Requirement: Every record that follows must be given again exactly.

Data for review:
lemma index_congruence:
  assumes "K \<in> carrier_mat d m" and "W \<in> carrier_mat d d" and "i < m" and "j < m"
  shows "(transpose_mat K * W * K) $$ (i,j) = bilin W (col K i) (col K j)"
  using assms by (simp add: assoc_mult_mat[of _ m d _ d _ m] bilin_def mult_mat_vec_def)

lemma hermitian_form_eq_sum:
  assumes "X \<in> carrier_mat d d" and "(v::complex vec) \<in> carrier_vec d"
  shows "conjugate v \<bullet> (X *\<^sub>v v) = (\<Sum>i<d. \<Sum>j<d. cnj (v$i) * X$$(i,j) * v$j)"
  using assms unfolding scalar_prod_def
  by (auto simp: row_def scalar_prod_def sum_distrib_left mult.assoc intro!: sum.cong
      simp flip: atLeast0LessThan)

lemma hermitian_form_real_imag:
  assumes R: "R \<in> carrier_mat d d" and S: "S \<in> carrier_mat d d" and v: "v \<in> carrier_vec d"
  defines "x \<equiv> map_vec Re v" and "y \<equiv> map_vec Im v"
  shows "conjugate v \<bullet> ((cplx R - \<i> \<cdot>\<^sub>m cplx S) *\<^sub>v v) =
    Complex (bilin R x x + bilin R y y + bilin S x y - bilin S y x)
            (bilin R x y - bilin R y x - bilin S x x - bilin S y y)"
proof -
  have X: "cplx R - \<i> \<cdot>\<^sub>m cplx S \<in> carrier_mat d d" using R S by (auto simp: cplx_def)
  have xy: "x \<in> carrier_vec d" "y \<in> carrier_vec d" using v by (auto simp: x_def y_def)
  show ?thesis
    unfolding hermitian_form_eq_sum[OF X v] bilin_eq_sum[OF R xy(1)] bilin_eq_sum[OF R xy(2)]
      bilin_eq_sum[OF S xy(1)] bilin_eq_sum[OF S xy(2)]
    using R S v
    by (intro complex_eqI)
      (simp_all add: Re_sum Im_sum cplx_def x_def y_def flip: sum_subtractf sum.distrib,
       (intro sum.cong refl; simp add: algebra_simps)+)
qed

Reply to the exercise:
lemma index_congruence:
  assumes "K \<in> carrier_mat d m" and "W \<in> carrier_mat d d" and "i < m" and "j < m"
  shows "(transpose_mat K * W * K) $$ (i,j) = bilin W (col K i) (col K j)"
  using assms by (simp add: assoc_mult_mat[of _ m d _ d _ m] bilin_def mult_mat_vec_def)

lemma hermitian_form_eq_sum:
  assumes "X \<in> carrier_mat d d" and "(v::complex vec) \<in> carrier_vec d"
  shows "conjugate v \<bullet> (X *\<^sub>v v) = (\<Sum>i<d. \<Sum>j<d. cnj (v$i) * X$$(i,j) * v$j)"
  using assms unfolding scalar_prod_def
  by (auto simp: row_def scalar_prod_def sum_distrib_left mult.assoc intro!: sum.cong
      simp flip: atLeast0LessThan)

lemma hermitian_form_real_imag:
  assumes R: "R \<in> carrier_mat d d" and S: "S \<in> carrier_mat d d" and v: "v \<in> carrier_vec d"
  defines "x \<equiv> map_vec Re v" and "y \<equiv> map_vec Im v"
  shows "conjugate v \<bullet> ((cplx R - \<i> \<cdot>\<^sub>m cplx S) *\<^sub>v v) =
    Complex (bilin R x x + bilin R y y + bilin S x y - bilin S y x)
            (bilin R x y - bilin R y x - bilin S x x - bilin S y y)"
proof -
  have X: "cplx R - \<i> \<cdot>\<^sub>m cplx S \<in> carrier_mat d d" using R S by (auto simp: cplx_def)
  have xy: "x \<in> carrier_vec d" "y \<in> carrier_vec d" using v by (auto simp: x_def y_def)
  show ?thesis
    unfolding hermitian_form_eq_sum[OF X v] bilin_eq_sum[OF R xy(1)] bilin_eq_sum[OF R xy(2)]
      bilin_eq_sum[OF S xy(1)] bilin_eq_sum[OF S xy(2)]
    using R S v
    by (intro complex_eqI)
      (simp_all add: Re_sum Im_sum cplx_def x_def y_def flip: sum_subtractf sum.distrib,
       (intro sum.cong refl; simp add: algebra_simps)+)
qed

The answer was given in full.